▶ _TASK INSTRUCTIONS_: Give back only the lines in the records below from the one with "by (auto simp: S_def intro!: der)" to the one with "z\<^sup>2 + wp_tail", both inclusive, word for word.
*** Opening of PROVIDED RECORDS ***
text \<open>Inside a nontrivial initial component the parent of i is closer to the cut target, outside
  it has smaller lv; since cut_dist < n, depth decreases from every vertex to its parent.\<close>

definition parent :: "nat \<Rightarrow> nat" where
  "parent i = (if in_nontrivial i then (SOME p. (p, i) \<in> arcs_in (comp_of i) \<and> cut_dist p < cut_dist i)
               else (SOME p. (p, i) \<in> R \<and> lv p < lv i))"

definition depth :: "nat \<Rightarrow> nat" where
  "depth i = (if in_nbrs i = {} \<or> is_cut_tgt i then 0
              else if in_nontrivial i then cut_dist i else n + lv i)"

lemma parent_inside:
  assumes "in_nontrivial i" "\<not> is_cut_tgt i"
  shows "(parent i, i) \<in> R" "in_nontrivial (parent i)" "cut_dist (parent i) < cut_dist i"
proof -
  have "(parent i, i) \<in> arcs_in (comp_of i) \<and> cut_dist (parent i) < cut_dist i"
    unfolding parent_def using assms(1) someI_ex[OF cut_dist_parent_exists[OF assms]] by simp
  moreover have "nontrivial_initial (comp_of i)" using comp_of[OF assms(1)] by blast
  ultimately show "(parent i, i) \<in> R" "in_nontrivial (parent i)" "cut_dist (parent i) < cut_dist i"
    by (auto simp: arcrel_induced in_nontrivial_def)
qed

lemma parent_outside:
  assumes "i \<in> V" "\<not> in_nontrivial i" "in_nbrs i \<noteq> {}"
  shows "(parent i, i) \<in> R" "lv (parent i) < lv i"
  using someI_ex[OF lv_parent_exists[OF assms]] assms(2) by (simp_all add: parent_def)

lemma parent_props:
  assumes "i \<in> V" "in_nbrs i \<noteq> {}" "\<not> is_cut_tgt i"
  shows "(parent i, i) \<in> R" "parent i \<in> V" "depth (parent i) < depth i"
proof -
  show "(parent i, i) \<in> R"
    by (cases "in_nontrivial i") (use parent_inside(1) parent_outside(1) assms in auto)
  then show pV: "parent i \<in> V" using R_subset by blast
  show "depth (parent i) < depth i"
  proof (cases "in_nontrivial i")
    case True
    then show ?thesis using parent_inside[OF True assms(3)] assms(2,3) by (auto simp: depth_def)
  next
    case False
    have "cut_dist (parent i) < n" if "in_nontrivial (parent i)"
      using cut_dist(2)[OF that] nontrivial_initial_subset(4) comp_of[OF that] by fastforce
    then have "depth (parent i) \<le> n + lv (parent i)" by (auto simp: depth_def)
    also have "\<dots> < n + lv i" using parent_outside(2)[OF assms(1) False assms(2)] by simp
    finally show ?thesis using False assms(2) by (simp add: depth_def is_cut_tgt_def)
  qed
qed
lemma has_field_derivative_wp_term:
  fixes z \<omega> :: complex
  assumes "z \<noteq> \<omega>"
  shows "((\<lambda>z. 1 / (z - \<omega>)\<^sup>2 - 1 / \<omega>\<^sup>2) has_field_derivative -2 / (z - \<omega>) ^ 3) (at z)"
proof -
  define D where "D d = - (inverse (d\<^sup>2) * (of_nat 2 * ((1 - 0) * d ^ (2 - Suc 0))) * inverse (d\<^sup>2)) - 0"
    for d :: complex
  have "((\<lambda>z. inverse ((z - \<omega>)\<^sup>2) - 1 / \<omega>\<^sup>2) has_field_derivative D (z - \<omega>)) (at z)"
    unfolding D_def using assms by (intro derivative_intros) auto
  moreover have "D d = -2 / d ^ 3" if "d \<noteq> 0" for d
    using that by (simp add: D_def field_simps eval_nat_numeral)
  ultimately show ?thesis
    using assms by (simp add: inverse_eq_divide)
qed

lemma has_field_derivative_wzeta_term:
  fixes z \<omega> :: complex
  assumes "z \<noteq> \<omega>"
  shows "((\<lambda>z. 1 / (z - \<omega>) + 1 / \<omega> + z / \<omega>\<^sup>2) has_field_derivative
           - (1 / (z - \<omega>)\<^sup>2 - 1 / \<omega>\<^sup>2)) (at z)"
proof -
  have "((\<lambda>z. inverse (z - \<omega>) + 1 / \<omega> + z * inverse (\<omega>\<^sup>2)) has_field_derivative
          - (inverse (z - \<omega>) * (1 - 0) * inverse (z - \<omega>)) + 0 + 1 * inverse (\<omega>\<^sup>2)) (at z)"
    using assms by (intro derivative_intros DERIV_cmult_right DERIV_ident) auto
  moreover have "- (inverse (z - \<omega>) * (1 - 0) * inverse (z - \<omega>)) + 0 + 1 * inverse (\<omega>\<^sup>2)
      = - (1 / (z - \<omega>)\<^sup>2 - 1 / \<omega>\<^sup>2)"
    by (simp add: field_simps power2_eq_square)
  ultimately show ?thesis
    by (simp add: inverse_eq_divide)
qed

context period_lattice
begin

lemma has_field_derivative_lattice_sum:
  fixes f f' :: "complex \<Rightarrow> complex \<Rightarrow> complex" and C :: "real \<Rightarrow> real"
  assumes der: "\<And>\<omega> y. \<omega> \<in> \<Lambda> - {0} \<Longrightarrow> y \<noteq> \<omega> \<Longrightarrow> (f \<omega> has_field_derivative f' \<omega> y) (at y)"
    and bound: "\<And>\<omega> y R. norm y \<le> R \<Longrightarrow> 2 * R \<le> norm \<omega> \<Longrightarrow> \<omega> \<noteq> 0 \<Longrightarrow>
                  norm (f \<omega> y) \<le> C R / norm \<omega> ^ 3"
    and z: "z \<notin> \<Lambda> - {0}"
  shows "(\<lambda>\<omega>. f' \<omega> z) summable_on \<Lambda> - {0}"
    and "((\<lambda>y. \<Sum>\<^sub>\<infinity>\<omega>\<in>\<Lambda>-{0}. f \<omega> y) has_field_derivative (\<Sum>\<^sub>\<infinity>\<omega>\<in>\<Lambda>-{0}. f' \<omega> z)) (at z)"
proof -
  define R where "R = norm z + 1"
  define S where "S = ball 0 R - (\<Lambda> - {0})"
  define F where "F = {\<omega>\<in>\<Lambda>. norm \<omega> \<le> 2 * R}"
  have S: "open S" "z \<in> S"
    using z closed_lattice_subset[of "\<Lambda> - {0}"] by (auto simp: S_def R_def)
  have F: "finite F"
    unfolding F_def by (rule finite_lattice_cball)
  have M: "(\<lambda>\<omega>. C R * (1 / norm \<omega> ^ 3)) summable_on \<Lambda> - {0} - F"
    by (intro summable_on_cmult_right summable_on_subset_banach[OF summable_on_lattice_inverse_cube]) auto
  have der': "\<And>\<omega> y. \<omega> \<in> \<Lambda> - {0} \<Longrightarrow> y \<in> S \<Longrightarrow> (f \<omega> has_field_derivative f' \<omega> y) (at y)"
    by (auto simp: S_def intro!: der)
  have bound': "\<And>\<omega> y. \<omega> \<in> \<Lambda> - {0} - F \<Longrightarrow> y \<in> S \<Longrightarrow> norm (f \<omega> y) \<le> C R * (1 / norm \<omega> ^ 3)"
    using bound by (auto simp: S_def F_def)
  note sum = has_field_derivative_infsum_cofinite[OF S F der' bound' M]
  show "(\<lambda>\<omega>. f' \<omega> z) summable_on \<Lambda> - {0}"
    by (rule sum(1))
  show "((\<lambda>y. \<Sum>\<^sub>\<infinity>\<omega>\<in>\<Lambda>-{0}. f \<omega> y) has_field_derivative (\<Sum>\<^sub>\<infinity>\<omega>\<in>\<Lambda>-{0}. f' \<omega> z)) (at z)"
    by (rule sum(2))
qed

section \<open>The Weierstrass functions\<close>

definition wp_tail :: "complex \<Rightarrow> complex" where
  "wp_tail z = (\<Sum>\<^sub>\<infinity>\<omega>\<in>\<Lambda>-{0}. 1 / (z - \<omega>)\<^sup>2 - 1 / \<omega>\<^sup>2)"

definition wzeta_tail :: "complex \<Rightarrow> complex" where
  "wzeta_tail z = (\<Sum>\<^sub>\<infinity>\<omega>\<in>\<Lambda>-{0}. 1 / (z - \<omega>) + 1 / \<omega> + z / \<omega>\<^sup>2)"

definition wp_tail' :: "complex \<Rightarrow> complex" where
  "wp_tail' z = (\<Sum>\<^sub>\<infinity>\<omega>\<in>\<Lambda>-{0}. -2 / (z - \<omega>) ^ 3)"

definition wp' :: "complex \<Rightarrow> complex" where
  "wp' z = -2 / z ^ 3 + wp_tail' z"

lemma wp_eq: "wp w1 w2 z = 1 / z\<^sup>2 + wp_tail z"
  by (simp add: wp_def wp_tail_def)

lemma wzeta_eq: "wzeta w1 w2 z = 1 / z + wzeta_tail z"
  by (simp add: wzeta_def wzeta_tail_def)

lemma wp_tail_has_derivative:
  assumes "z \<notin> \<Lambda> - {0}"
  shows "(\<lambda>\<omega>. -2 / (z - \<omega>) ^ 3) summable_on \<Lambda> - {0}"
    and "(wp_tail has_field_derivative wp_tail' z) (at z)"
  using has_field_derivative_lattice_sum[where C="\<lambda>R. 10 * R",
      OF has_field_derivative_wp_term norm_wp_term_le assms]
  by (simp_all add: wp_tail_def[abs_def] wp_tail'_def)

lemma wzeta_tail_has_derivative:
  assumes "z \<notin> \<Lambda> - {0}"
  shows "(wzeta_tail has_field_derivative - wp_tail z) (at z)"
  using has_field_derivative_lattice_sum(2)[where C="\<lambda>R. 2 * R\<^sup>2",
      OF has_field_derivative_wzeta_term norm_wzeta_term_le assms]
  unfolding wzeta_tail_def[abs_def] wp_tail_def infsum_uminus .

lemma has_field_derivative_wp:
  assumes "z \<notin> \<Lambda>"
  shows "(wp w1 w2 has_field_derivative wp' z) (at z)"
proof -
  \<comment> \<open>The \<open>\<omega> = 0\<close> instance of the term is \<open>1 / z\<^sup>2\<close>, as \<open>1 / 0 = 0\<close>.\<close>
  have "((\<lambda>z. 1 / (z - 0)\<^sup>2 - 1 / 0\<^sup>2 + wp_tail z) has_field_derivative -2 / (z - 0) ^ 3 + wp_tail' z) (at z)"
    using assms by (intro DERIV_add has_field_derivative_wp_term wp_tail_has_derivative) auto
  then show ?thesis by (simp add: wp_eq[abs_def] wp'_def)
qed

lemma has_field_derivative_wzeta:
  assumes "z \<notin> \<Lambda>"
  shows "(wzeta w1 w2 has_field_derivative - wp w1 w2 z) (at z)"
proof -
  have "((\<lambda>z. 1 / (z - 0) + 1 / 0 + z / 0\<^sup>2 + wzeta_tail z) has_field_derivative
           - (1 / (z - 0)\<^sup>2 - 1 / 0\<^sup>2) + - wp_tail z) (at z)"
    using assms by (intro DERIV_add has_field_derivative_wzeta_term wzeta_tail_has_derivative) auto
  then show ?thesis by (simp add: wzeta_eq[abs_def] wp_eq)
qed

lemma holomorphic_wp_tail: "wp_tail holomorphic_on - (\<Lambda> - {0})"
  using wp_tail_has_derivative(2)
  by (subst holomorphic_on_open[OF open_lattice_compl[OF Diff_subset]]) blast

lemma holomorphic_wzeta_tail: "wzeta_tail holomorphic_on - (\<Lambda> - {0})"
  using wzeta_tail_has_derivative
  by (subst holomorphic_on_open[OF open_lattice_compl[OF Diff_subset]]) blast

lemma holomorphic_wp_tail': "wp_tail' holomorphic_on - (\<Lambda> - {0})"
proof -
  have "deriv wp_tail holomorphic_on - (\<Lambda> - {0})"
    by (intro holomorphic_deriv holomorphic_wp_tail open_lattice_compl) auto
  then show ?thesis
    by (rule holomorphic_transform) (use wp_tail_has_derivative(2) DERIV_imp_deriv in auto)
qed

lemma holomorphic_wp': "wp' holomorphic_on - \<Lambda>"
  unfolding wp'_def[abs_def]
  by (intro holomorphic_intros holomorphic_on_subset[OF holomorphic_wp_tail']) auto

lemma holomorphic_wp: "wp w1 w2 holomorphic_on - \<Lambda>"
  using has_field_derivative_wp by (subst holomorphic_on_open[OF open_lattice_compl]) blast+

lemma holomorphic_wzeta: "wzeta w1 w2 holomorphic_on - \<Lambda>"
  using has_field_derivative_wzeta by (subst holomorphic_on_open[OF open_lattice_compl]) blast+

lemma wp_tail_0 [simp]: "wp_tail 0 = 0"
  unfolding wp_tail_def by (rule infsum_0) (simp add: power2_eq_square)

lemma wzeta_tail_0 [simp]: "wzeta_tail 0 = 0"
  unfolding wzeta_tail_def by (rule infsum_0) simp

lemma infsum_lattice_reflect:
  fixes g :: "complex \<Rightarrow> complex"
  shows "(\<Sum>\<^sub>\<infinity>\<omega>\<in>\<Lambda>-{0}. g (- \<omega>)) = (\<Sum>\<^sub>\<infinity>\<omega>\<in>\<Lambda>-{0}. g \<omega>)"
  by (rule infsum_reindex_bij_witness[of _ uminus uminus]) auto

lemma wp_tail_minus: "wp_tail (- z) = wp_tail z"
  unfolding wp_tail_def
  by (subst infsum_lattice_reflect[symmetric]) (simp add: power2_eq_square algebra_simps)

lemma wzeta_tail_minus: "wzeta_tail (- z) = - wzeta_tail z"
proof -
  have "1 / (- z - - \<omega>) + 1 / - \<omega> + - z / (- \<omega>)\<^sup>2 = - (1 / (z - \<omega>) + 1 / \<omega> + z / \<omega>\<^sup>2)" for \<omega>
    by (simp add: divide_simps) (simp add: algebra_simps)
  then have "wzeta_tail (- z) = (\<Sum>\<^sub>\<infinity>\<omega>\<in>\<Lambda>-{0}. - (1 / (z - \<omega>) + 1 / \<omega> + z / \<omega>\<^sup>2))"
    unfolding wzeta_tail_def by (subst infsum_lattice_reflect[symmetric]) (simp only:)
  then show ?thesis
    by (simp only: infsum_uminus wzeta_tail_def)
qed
*** Close of PROVIDED RECORDS ***
▶ _ANSWER SPACE_:
    by (auto simp: S_def intro!: der)
  have bound': "\<And>\<omega> y. \<omega> \<in> \<Lambda> - {0} - F \<Longrightarrow> y \<in> S \<Longrightarrow> norm (f \<omega> y) \<le> C R * (1 / norm \<omega> ^ 3)"
    using bound by (auto simp: S_def F_def)
  note sum = has_field_derivative_infsum_cofinite[OF S F der' bound' M]
  show "(\<lambda>\<omega>. f' \<omega> z) summable_on \<Lambda> - {0}"
    by (rule sum(1))
  show "((\<lambda>y. \<Sum>\<^sub>\<infinity>\<omega>\<in>\<Lambda>-{0}. f \<omega> y) has_field_derivative (\<Sum>\<^sub>\<infinity>\<omega>\<in>\<Lambda>-{0}. f' \<omega> z)) (at z)"
    by (rule sum(2))
qed

section \<open>The Weierstrass functions\<close>

definition wp_tail :: "complex \<Rightarrow> complex" where
  "wp_tail z = (\<Sum>\<^sub>\<infinity>\<omega>\<in>\<Lambda>-{0}. 1 / (z - \<omega>)\<^sup>2 - 1 / \<omega>\<^sup>2)"

definition wzeta_tail :: "complex \<Rightarrow> complex" where
  "wzeta_tail z = (\<Sum>\<^sub>\<infinity>\<omega>\<in>\<Lambda>-{0}. 1 / (z - \<omega>) + 1 / \<omega> + z / \<omega>\<^sup>2)"

definition wp_tail' :: "complex \<Rightarrow> complex" where
  "wp_tail' z = (\<Sum>\<^sub>\<infinity>\<omega>\<in>\<Lambda>-{0}. -2 / (z - \<omega>) ^ 3)"

definition wp' :: "complex \<Rightarrow> complex" where
  "wp' z = -2 / z ^ 3 + wp_tail' z"

lemma wp_eq: "wp w1 w2 z = 1 / z\<^sup>2 + wp_tail z"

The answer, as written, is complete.